RECORDS PROVIDED:
----------------------------------------
section \<open>Accuracy\<close>

lemma finite_difference_errors_at:
  fixes f :: "real \<Rightarrow> real"
  assumes "smooth_on f V" "open V" "x \<in> V"
  obtains M where "M \<ge> 0" "\<forall>\<^sub>F h in at_right 0. finite_difference_errors_le f M h x"
proof -
  obtain d M where "d > 0" "M \<ge> 0"
    and errors: "\<And>y h. 0 < h \<Longrightarrow> \<bar>y - x\<bar> + h < d \<Longrightarrow> finite_difference_errors_le f M h y"
    by (rule finite_difference_errors_locally[OF assms]) (rule that)
  have "\<forall>\<^sub>F h in at_right 0. 0 < h \<and> h < d"
    using \<open>d > 0\<close> by (auto simp: eventually_at_right_field intro!: exI[of _ d])
  then have "\<forall>\<^sub>F h in at_right 0. finite_difference_errors_le f M h x"
    by eventually_elim (intro errors; simp)
  with \<open>M \<ge> 0\<close> show thesis by (rule that)
qed

lemma abs_root3_diff_le:
  assumes "v \<noteq> 0"
  shows "\<bar>root 3 u - root 3 v\<bar> \<le> 4/3 * \<bar>u - v\<bar> / (root 3 v)^2"
proof -
  define r s where "r = root 3 u" and "s = root 3 v"
  have "s \<noteq> 0" using assms unfolding s_def by simp
  have "u = r^3" "v = s^3" unfolding r_def s_def by (simp_all add: odd_real_root_pow)
  then have u_v: "u - v = (r - s) * (r^2 + r * s + s^2)"
    by (simp add: power2_eq_square power3_eq_cube algebra_simps)
  have quadratic: "r^2 + r * s + s^2 \<ge> 3/4 * s^2"
    using sum_squares_ge_zero[of "r + s/2" 0] by (simp add: power2_eq_square algebra_simps)
  then have "\<bar>u - v\<bar> = \<bar>r - s\<bar> * (r^2 + r * s + s^2)"
    unfolding u_v abs_mult by (simp add: order_trans[OF _ quadratic])
  then have "\<bar>r - s\<bar> * (3/4 * s^2) \<le> \<bar>u - v\<bar>"
    using mult_left_mono[OF quadratic abs_ge_zero[of "r - s"]] by linarith
  then show ?thesis using \<open>s \<noteq> 0\<close> unfolding r_def[symmetric] s_def[symmetric] by (simp add: field_simps)
qed

lemma abs_sq_mult_diff_le:
  fixes m b P Q e :: real
  assumes "\<bar>m - P\<bar> \<le> e" "0 \<le> P" "0 \<le> m" "m \<le> P + 1" "\<bar>b - Q\<bar> \<le> e" "\<bar>b\<bar> \<le> \<bar>Q\<bar> + 1"
  shows "\<bar>m^2 * b - P^2 * Q\<bar> \<le> e * ((2 * P + 1) * (\<bar>Q\<bar> + 1) + P^2)"
proof -
  have "m^2 * b - P^2 * Q = (m - P) * (m + P) * b + P^2 * (b - Q)"
    by (simp add: algebra_simps power2_eq_square)
  also have "\<bar>\<dots>\<bar> \<le> \<bar>(m - P) * (m + P) * b\<bar> + \<bar>P^2 * (b - Q)\<bar>"
    by (rule abs_triangle_ineq)
  also have "\<dots> = \<bar>m - P\<bar> * (m + P) * \<bar>b\<bar> + P^2 * \<bar>b - Q\<bar>"
    using assms(2,3) by (simp add: abs_mult)
  also have "\<dots> \<le> e * (2 * P + 1) * (\<bar>Q\<bar> + 1) + P^2 * e"
  proof (rule add_mono)
    have "\<bar>m - P\<bar> * (m + P) \<le> e * (2 * P + 1)"
      using assms by (intro mult_mono) auto
    then show "\<bar>m - P\<bar> * (m + P) * \<bar>b\<bar> \<le> e * (2 * P + 1) * (\<bar>Q\<bar> + 1)"
      using assms by (intro mult_mono) auto
    show "P^2 * \<bar>b - Q\<bar> \<le> P^2 * e"
      using assms by (intro mult_left_mono) auto
  qed
  finally show ?thesis by (simp add: algebra_simps)
qed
----------------------------------------
WHAT IS EXPECTED: Only one part of the material above is to be transcribed, namely the lines starting with the line that has "by (rule finite_difference_errors_locally[OF" and going on through the line that has "using \<open>d >", exactly as they stand.

OUTPUT BELOW:
    by (rule finite_difference_errors_locally[OF assms]) (rule that)
  have "\<forall>\<^sub>F h in at_right 0. 0 < h \<and> h < d"
    using \<open>d > 0\<close> by (auto simp: eventually_at_right_field intro!: exI[of _ d])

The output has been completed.